The Central Asian nation of Uzbekistan has found itself somewhat in the spotlight in the last week, following reports of the aging president's deteriorating health. In the absence of credible information in the country of thirty million, rumours of the demise of Islam Karimov have been hard to confirm, with denials from the president’s press office and family following regional media reports of his death after a brain haemorrhage.
On Friday morning, Reuters announced that three diplomatic sources had confirmed that Islam Karimov has died. While it is still too early to say with absolute certainty that the country’s president is dead, the various contradictions may well reflect that a power struggle over succession has already begun in a country that plays an important role in a potentially unstable region.
Four Possible Scenarios of Power Transition
It is difficult to predict how the transition will play out due to Uzbekistan’s opaque power sharing configuration, in which political elites frequently override institutional arrangements. Nonetheless one can identify four potential scenarios.
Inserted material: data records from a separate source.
lemma sum_lagrange_basis_monom:
  assumes "m < n"
  shows "(\<Sum>j<n. smult (real j ^ m) (lagrange_basis n j)) = monom 1 m"
proof (rule poly_eqI_degree[where A = "real ` {..<n}"])
  fix x assume "x \<in> real ` {..<n}"
  then obtain k where k: "k < n" "x = real k" by auto
  then show "poly (\<Sum>j<n. smult (real j ^ m) (lagrange_basis n j)) x = poly (monom 1 m) x"
    by (simp add: poly_sum poly_lagrange_basis poly_monom if_distrib cong: if_cong)
next
  have card: "card (real ` {..<n}) = n" by (simp add: card_image)
  show "degree (monom (1::real) m) < card (real ` {..<n})"
    using card assms by (simp add: degree_monom_eq)
  have "degree (\<Sum>j<n. smult (real j ^ m) (lagrange_basis n j)) \<le> n - 1"
    using degree_lagrange_basis degree_smult_le
    by (intro degree_sum_le) (fastforce intro: order_trans)+
  then show "degree (\<Sum>j<n. smult (real j ^ m) (lagrange_basis n j)) < card (real ` {..<n})"
    using card assms by linarith
qed

lemma sum_lagrange_basis_linear_coeff:
  assumes "m < n"
  shows "(\<Sum>j<n. coeff (lagrange_basis n j) 1 * real j ^ m) = (if m = 1 then 1 else 0)"
  using arg_cong[OF sum_lagrange_basis_monom[OF assms], of "\<lambda>p. coeff p 1"]
  by (simp add: coeff_sum coeff_monom mult.commute)

lemma Maclaurin_remainder_bound:
  fixes f :: "real \<Rightarrow> real"
  assumes "diff 0 = f"
    and "\<And>m x. (diff m has_real_derivative diff (Suc m) x) (at x)"
    and "\<And>x. \<bar>diff n x\<bar> \<le> K"
  shows "\<bar>f x - (\<Sum>m<n. diff m 0 / fact m * x ^ m)\<bar> \<le> K / fact n * \<bar>x\<bar> ^ n"
proof -
  obtain s where "f x = (\<Sum>m<n. diff m 0 / fact m * x ^ m) + diff n s / fact n * x ^ n"
    using Maclaurin_all_le[of diff f] assms(1,2) by blast
  then have "\<bar>f x - (\<Sum>m<n. diff m 0 / fact m * x ^ m)\<bar> = \<bar>diff n s\<bar> / fact n * \<bar>x\<bar> ^ n"
    by (simp add: abs_mult power_abs)
  also have "\<dots> \<le> K / fact n * \<bar>x\<bar> ^ n"
    using assms(3)[of s] by (intro mult_right_mono divide_right_mono) auto
  finally show ?thesis .
qed

lemma sum_lagrange_basis_linear_coeff_poly:
  assumes "2 \<le> n"
  shows "(\<Sum>j<n. coeff (lagrange_basis n j) 1 * (\<Sum>m<n. a m * (real j * u) ^ m)) = a 1 * u"
proof -
  have "(\<Sum>j<n. coeff (lagrange_basis n j) 1 * (\<Sum>m<n. a m * (real j * u) ^ m))
      = (\<Sum>j<n. \<Sum>m<n. coeff (lagrange_basis n j) 1 * (a m * (real j * u) ^ m))"
    by (simp add: sum_distrib_left)
  also have "\<dots> = (\<Sum>m<n. \<Sum>j<n. coeff (lagrange_basis n j) 1 * (a m * (real j * u) ^ m))"
    by (rule sum.swap)
  also have "\<dots> = (\<Sum>m<n. a m * u ^ m * (\<Sum>j<n. coeff (lagrange_basis n j) 1 * real j ^ m))"
    by (simp add: sum_distrib_left power_mult_distrib mult_ac)
  also have "\<dots> = (\<Sum>m<n. a m * u ^ m * (if m = 1 then 1 else 0))"
    using sum_lagrange_basis_linear_coeff by (intro sum.cong) auto
  also have "\<dots> = a 1 * u"
    using assms by (simp add: if_distrib cong: if_cong)
  finally show ?thesis .
qed

lemma lagrange_weighted_samples_approx_linear:
  fixes f :: "real \<Rightarrow> real"
  assumes "2 \<le> n" "diff 0 = f"
    and "\<And>m x. (diff m has_real_derivative diff (Suc m) x) (at x)"
    and "\<And>x. \<bar>diff n x\<bar> \<le> K"
  shows "\<exists>K'\<ge>0. \<forall>u. \<bar>(\<Sum>j<n. coeff (lagrange_basis n j) 1 * f (real j * u)) - diff 1 0 * u\<bar>
                      \<le> K' * \<bar>u\<bar> ^ n"
proof -
  define c where "c j = coeff (lagrange_basis n j) 1" for j
  define T where "T x = (\<Sum>m<n. diff m 0 / fact m * x ^ m)" for x
  have K: "K \<ge> 0" using assms(4)[of 0] by linarith
  define K' where "K' = K / fact n * (\<Sum>j<n. \<bar>c j\<bar> * real j ^ n)"
  have "\<bar>(\<Sum>j<n. c j * f (real j * u)) - diff 1 0 * u\<bar> \<le> K' * \<bar>u\<bar> ^ n" for u
  proof -
    have "(\<Sum>j<n. c j * T (real j * u)) = diff 1 0 * u"
      using sum_lagrange_basis_linear_coeff_poly[OF assms(1), of "\<lambda>m. diff m 0 / fact m"]
      by (simp add: c_def T_def)
    then have "\<bar>(\<Sum>j<n. c j * f (real j * u)) - diff 1 0 * u\<bar>
        = \<bar>\<Sum>j<n. c j * (f (real j * u) - T (real j * u))\<bar>"
      by (simp add: right_diff_distrib sum_subtractf)
    also have "\<dots> \<le> (\<Sum>j<n. \<bar>c j\<bar> * (K / fact n * \<bar>real j * u\<bar> ^ n))"
    proof (intro order_trans[OF sum_abs] sum_mono)
      fix j
      have "\<bar>f (real j * u) - T (real j * u)\<bar> \<le> K / fact n * \<bar>real j * u\<bar> ^ n"
        unfolding T_def by (rule Maclaurin_remainder_bound[OF assms(2-4)])
      then show "\<bar>c j * (f (real j * u) - T (real j * u))\<bar>
          \<le> \<bar>c j\<bar> * (K / fact n * \<bar>real j * u\<bar> ^ n)"
        unfolding abs_mult by (rule mult_left_mono) simp
    qed
    also have "\<dots> = K' * \<bar>u\<bar> ^ n"
      by (simp add: K'_def sum_distrib_left sum_distrib_right abs_mult power_mult_distrib mult_ac)
    finally show ?thesis .
  qed
  moreover have "K' \<ge> 0"
    unfolding K'_def using K by (intro mult_nonneg_nonneg divide_nonneg_nonneg sum_nonneg) auto
  ultimately show ?thesis unfolding c_def by blast
qed

section \<open>Derivatives of the logistic function\<close>

lemma sigmoid_bounds: "0 < sigmoid x" "sigmoid x < 1"
  unfolding sigmoid_def by (auto simp: add_pos_pos)

lemma has_real_derivative_sigmoid:
  "(sigmoid has_real_derivative sigmoid x * (1 - sigmoid x)) (at x)"
proof -
  have pos: "1 + exp (- x) \<noteq> 0" by (metis exp_gt_zero add_pos_pos zero_less_one less_irrefl)
  have "((\<lambda>x. inverse (1 + exp (- x))) has_real_derivative
          - (- exp (- x) * inverse ((1 + exp (- x)) ^ Suc (Suc 0)))) (at x)"
    by (intro DERIV_inverse_fun pos) (auto intro!: derivative_eq_intros)
  moreover have "sigmoid = (\<lambda>x. inverse (1 + exp (- x)))"
    by (simp add: fun_eq_iff sigmoid_def divide_inverse)
  ultimately show ?thesis using pos by (simp add: sigmoid_def field_simps)
qed

lemma has_real_derivative_poly_sigmoid:
  "((\<lambda>x. poly p (sigmoid x)) has_real_derivative poly (pderiv p * [:0, 1, -1:]) (sigmoid x)) (at x)"
  using DERIV_chain2[OF poly_DERIV has_real_derivative_sigmoid] by (simp add: algebra_simps)

lemma higher_deriv_sigmoid_poly: "\<exists>p. (deriv ^^ n) sigmoid = (\<lambda>x. poly p (sigmoid x))"
proof (induction n)
  case 0
  show ?case by (intro exI[of _ "[:0, 1:]"]) simp
next
  case (Suc n)
  then obtain p where "(deriv ^^ n) sigmoid = (\<lambda>x. poly p (sigmoid x))" by blast
  then have "(deriv ^^ Suc n) sigmoid = (\<lambda>x. poly (pderiv p * [:0, 1, -1:]) (sigmoid x))"
    using DERIV_imp_deriv[OF has_real_derivative_poly_sigmoid] by auto
  then show ?case by blast
qed

lemma has_real_derivative_higher_deriv_sigmoid:
  "((deriv ^^ n) sigmoid has_real_derivative (deriv ^^ Suc n) sigmoid x) (at x)"
proof -
  obtain p where p: "(deriv ^^ n) sigmoid = (\<lambda>x. poly p (sigmoid x))"
    using higher_deriv_sigmoid_poly by blast
  show ?thesis
    unfolding funpow.simps o_def p using has_real_derivative_poly_sigmoid DERIV_imp_deriv by metis
qed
The first scenario would see the "Siloviki" (or security elites) install their preferred candidate, Rustam Inoyatov. Inoyatov is Chief of the National Security Service, which, along with the Uzbek special services, is one of the strongest pod structures of the state governance system at the moment in Uzbekistan. The Siloviki have the advantage of being able to declare a state of emergency and coordinate special measures throughout the country should the need arise. Specifically. Importantly, they are also likely to maintain vital communication channels with foreign powers.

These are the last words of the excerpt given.